# RANGES - Editorial

Contest

Author: Sumukh Bhardwaj
Tester: Rahul Sharma
Editorialist: Sumukh Bhardwaj

EASY

STACK

# PROBLEM:

Given an integer array of size N. Find the lexicographically smallest subsequence of length K.

# QUICK EXPLANATION:

Keep a mono increasing stack as result. If the current element `a` is smaller than the last element in the stack, we can replace it to get a smaller sequence.

# EXPLANATION:

Find all the subsequences of length K with recursion by making the choice of picking or not picking an element. The total number of subsequences that will be produced will be 2^N. Find the lexicographically smallest among all these subsequences by comparing them.

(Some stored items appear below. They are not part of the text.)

lemma B_integrand_nonneg:
  assumes "t > 0" "s > 1"
  shows "0 \<le> B_integrand t s"
  using B_integrand_split[OF assms] by simp

lemma neg_ln_le_inverse_sqrt:
  fixes u :: real
  assumes "u > 0" shows "- ln u \<le> 2 * u powr (-1/2)"
proof -
  have "ln (u powr (-1/2)) = (-1/2) * ln u" using assms by (simp add: ln_powr)
  moreover have "ln (u powr (-1/2)) \<le> u powr (-1/2) - 1" using assms by (intro ln_le_minus_one) simp
  ultimately show ?thesis by linarith
qed

lemma B_integrand_le_near_one:
  assumes t: "t > 0" and s: "1 < s" "s \<le> 2"
  shows "B_integrand t s \<le> (2*t+1)*(2+t)/t + 4 * (s-1) powr (-1/2)"
proof -
  define N where "N = (s*t+1)*(s+t)"
  have s1: "s - 1 > 0" using s by simp
  have N: "N > 0" using s t by (simp add: N_def add_pos_pos)
  have "N \<le> (2*t+1)*(2+t)" unfolding N_def using s t by (intro mult_mono) auto
  then have "N/t \<le> (2*t+1)*(2+t)/t" using t by (intro divide_right_mono) auto
  then have "ln (N/t) \<le> (2*t+1)*(2+t)/t"
    using ln_bound[of "N/t"] N t by simp
  moreover have "ln (N/(t*(s-1)^2)) = ln (N/t) - 2 * ln (s-1)"
    using N t s1 by (simp add: ln_div ln_mult ln_realpow)
  moreover have "- ln (s-1) \<le> 2 * (s-1) powr (-1/2)" using s1 by (rule neg_ln_le_inverse_sqrt)
  ultimately have "ln (N/(t*(s-1)^2)) \<le> (2*t+1)*(2+t)/t + 4 * (s-1) powr (-1/2)" by linarith
  moreover have "B_integrand t s \<le> ln (N/(t*(s-1)^2))"
  proof -
    have "0 \<le> ln (N/(t*(s-1)^2))"
      using B_integrand_nonneg[OF t s(1)] s by (simp add: B_integrand_def N_def zero_le_divide_iff)
    then show ?thesis unfolding B_integrand_def N_def using s by (intro mult_left_le_one_le) auto
  qed
  ultimately show ?thesis by linarith
qed
lemma n'_count_le_trib: "n'_count g \<le> trib (g + 1)"
proof -
  have fin: "finite (compositions {1, 2, 3} g)"
    by (rule finite_compositions) simp
  have "n'_count g \<le> card (gapset_of_word ` compositions {1, 2, 3} g)"
    unfolding n'_count_def using fin by (intro card_mono finite_imageI depth3_gapsets_subset)
  also have "\<dots> \<le> card (compositions {1, 2, 3} g)"
    using fin by (rule card_image_le)
  also have "\<dots> = trib (g + 1)"
    using card_compositions_123[of g] by simp
  finally show ?thesis .
qed

lemma card_compositions_12_Un_Cons_3:
  assumes "g \<ge> 3"
  shows "card (compositions {1, 2} g \<union> (#) 3 ` compositions {1, 2} (g - 3))
           = fib (g + 1) + fib (g - 2)"
proof -
  have "3 \<notin> set xs" if "xs \<in> compositions {1, 2} g" for xs
    using that by (auto simp: compositions_def)
  then have disjoint: "compositions {1, 2} g \<inter> (#) 3 ` compositions {1, 2} (g - 3) = {}"
    by fastforce
  have "card (compositions {1, 2} g \<union> (#) 3 ` compositions {1, 2} (g - 3))
      = card (compositions {1, 2} g) + card ((#) 3 ` compositions {1, 2} (g - 3))"
    using disjoint by (intro card_Un_disjoint finite_imageI finite_compositions) simp_all
  also have "\<dots> = card (compositions {1, 2} g) + card (compositions {1, 2} (g - 3))"
    by (subst card_image) (simp_all add: inj_on_def)
  also have "\<dots> = fib (Suc g) + fib (Suc (g - 3))"
    by (simp only: card_compositions_12)
  also have "Suc (g - 3) = g - 2"
    using assms by linarith
  finally show ?thesis
    by (simp only: Suc_eq_plus1)
qed
(* In the no-regret model with signal sets $S_i=A_i\sqcup\{\bot\}$, consider the following principal algorithm with hyperparameter $L$. For each agent $i=1,\dots,n$ and each $a_{-i}\in A_{-i}$: set $\mathbf{p}^1=\mathbf{1}\in\mathbb{R}^{A_i}$; for $\ell=1,\dots,L$ (one round $t$ each), set $P_i^t(\cdot)=\mathbf{p}^\ell[\cdot]$ and $P_j^t(a_j')=2\cdot\mathbb{1}[a_j'=a_j]$ for all $j\ne i$ (where $a_j$ is $j$'s action in $a_{-i}$), send signals $s_i^t=\bot$ and $s_j^t=a_j$ for $j\ne i$, observe $a^t$, and set $\mathbf{p}^{\ell+1}=\Pi_{\mathcal{P}_i}[\mathbf{p}^\ell-\eta\mathbf{e}_{a_i^t}]$ with $\eta=\sqrt{m_i/L}$ and $\mathcal{P}_i=\{\mathbf{p}\in[0,2]^{A_i}:\langle\mathbf{1},\mathbf{p}\rangle=m_i\}$; then set $\tilde U_i(\cdot,a_{-i})=-\frac1L\sum_{\ell=1}^L\mathbf{p}^\ell$. Output $\tilde U$. For an appropriate choice of $L$, this algorithm $\varepsilon$-learns any game in $\mathrm{poly}(M)/\varepsilon^2$ rounds.
   Context: A normal-form game has agents $i\in[n]$, finite action sets $A_i$ with $|A_i|=m_i\ge2$, $A=\prod_iA_i$, $m=\max_i m_i$, $M=\prod_i m_i$, and unknown utilities $U_i:A\to[0,1]$. In each round $t\le T$ the principal chooses payments $P_i^t:A_i\to\mathbb{R}_+$ and sends each agent a signal $s_i^t$ from a finite set $S_i$; agent $i$'s utility that round is $U_i^t(a)=U_i(a)+P_i^t(a_i)$; agents choose actions and the principal observes $a^t$. No-regret model: there is a constant $C\le\mathrm{poly}(M)$ such that for every agent $i$, signal $s_i\in S_i$ and every $t\le T$, $\hat R_i(t,s_i):=\max_{a_i\in A_i}\sum_{\tau\le t,\,s_i^\tau=s_i}[U_i^\tau(a_i,a_{-i}^\tau)-U_i^\tau(a^\tau)]\le C\sqrt{T}$. $\Pi$ denotes Euclidean projection, $\mathbf{e}_a$ the unit vector. The principal $\varepsilon$-learns the game if it outputs $\tilde U_i:A\to\mathbb{R}$ such that there exist $W_i:A_{-i}\to\mathbb{R}$ with $|U_i(a)+W_i(a_{-i})-\tilde U_i(a)|\le\varepsilon$ for all $i$ and $a$. *)

theory Defs
  imports "HOL-Analysis.Analysis" "HOL-Library.FuncSet"
begin

text \<open>Agents are 0,...,n-1; agent i has actions 0,...,m i - 1.
  Action profiles are extensional functions on the agent set.\<close>

definition profiles :: "nat \<Rightarrow> (nat \<Rightarrow> nat) \<Rightarrow> (nat \<Rightarrow> nat) set" where
  "profiles n m = PiE {..<n} (\<lambda>j. {..<m j})"

definition opp_profiles :: "nat \<Rightarrow> (nat \<Rightarrow> nat) \<Rightarrow> nat \<Rightarrow> (nat \<Rightarrow> nat) set" where
  "opp_profiles n m i = PiE ({..<n} - {i}) (\<lambda>j. {..<m j})"

definition polyP :: "nat \<Rightarrow> (nat \<Rightarrow> real) set" where
  "polyP mi = {p. (\<forall>x<mi. 0 \<le> p x \<and> p x \<le> 2) \<and> (\<Sum>x<mi. p x) = real mi
                   \<and> (\<forall>x\<ge>mi. p x = 0)}"

definition projP :: "nat \<Rightarrow> (nat \<Rightarrow> real) \<Rightarrow> (nat \<Rightarrow> real)" where
  "projP mi q = (THE p. p \<in> polyP mi \<and>
      (\<forall>p'\<in>polyP mi. (\<Sum>x<mi. (q x - p x)^2) \<le> (\<Sum>x<mi. (q x - p' x)^2)))"

text \<open>The iterates p^1, p^2, ... (0-indexed: pseq ... 0 = p^1 = all-ones vector);
  acts l is agent i's action in the l-th round of the block.\<close>
primrec pseq :: "nat \<Rightarrow> real \<Rightarrow> (nat \<Rightarrow> nat) \<Rightarrow> nat \<Rightarrow> nat \<Rightarrow> real" where
  "pseq mi eta acts 0 = (\<lambda>x. if x < mi then 1 else 0)"
| "pseq mi eta acts (Suc l) =
     projP mi (\<lambda>x. pseq mi eta acts l x - eta * (if x = acts l then 1 else 0))"

text \<open>The schedule: blocks is the list of pairs (i, a_{-i}) processed in order;
  block k occupies rounds k*L, ..., k*L + L - 1 (rounds are 0-indexed).
  a t is the action profile observed in round t.\<close>

definition block_iterate :: "(nat \<Rightarrow> nat) \<Rightarrow> (nat \<times> (nat \<Rightarrow> nat)) list \<Rightarrow> nat
    \<Rightarrow> (nat \<Rightarrow> nat \<Rightarrow> nat) \<Rightarrow> nat \<Rightarrow> nat \<Rightarrow> nat \<Rightarrow> real" where
  "block_iterate m blocks L a k l =
     (let i = fst (blocks ! k)
      in pseq (m i) (sqrt (real (m i) / real L)) (\<lambda>l'. a (k * L + l') i) l)"

definition alg_pay :: "(nat \<Rightarrow> nat) \<Rightarrow> (nat \<times> (nat \<Rightarrow> nat)) list \<Rightarrow> nat
    \<Rightarrow> (nat \<Rightarrow> nat \<Rightarrow> nat) \<Rightarrow> nat \<Rightarrow> nat \<Rightarrow> nat \<Rightarrow> real" where
  "alg_pay m blocks L a t j x =
     (let k = t div L; (i, b) = blocks ! k
      in if j = i then block_iterate m blocks L a k (t mod L) x
         else (if x = b j then 2 else 0))"

text \<open>Signals: None stands for the extra signal bot.\<close>
definition alg_signal :: "(nat \<times> (nat \<Rightarrow> nat)) list \<Rightarrow> nat \<Rightarrow> nat \<Rightarrow> nat \<Rightarrow> nat option" where
  "alg_signal blocks L t j =
     (let (i, b) = blocks ! (t div L) in if j = i then None else Some (b j))"

definition alg_output :: "nat \<Rightarrow> (nat \<Rightarrow> nat) \<Rightarrow> (nat \<times> (nat \<Rightarrow> nat)) list \<Rightarrow> nat
    \<Rightarrow> (nat \<Rightarrow> nat \<Rightarrow> nat) \<Rightarrow> nat \<Rightarrow> (nat \<Rightarrow> nat) \<Rightarrow> real" where
  "alg_output n m blocks L a i act =
     (let k = (THE k. k < length blocks \<and> blocks ! k = (i, restrict act ({..<n} - {i})))
      in - (1 / real L) * (\<Sum>l<L. block_iterate m blocks L a k l (act i)))"

definition valid_blocks :: "nat \<Rightarrow> (nat \<Rightarrow> nat) \<Rightarrow> (nat \<times> (nat \<Rightarrow> nat)) list \<Rightarrow> bool" where
  "valid_blocks n m blocks \<longleftrightarrow> distinct blocks \<and> sorted (map fst blocks) \<and>
     set blocks = {(i, b). i < n \<and> b \<in> opp_profiles n m i}"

The array has N elements but we need a subsequence of length K hence we need to remove N-K elements such that the remaining K elements make the lexicographically smallest subsequence.

Suppose in our current answer subsequence the last element is X, now if an element comes with a value less than X and we still haven’t removed N-K elements then we can remove the X and keep that new element in the answer. The stack will be the perfect choice for the problem as we will be removing the elements in a LIFO manner but the array can also be used as shown in the solution.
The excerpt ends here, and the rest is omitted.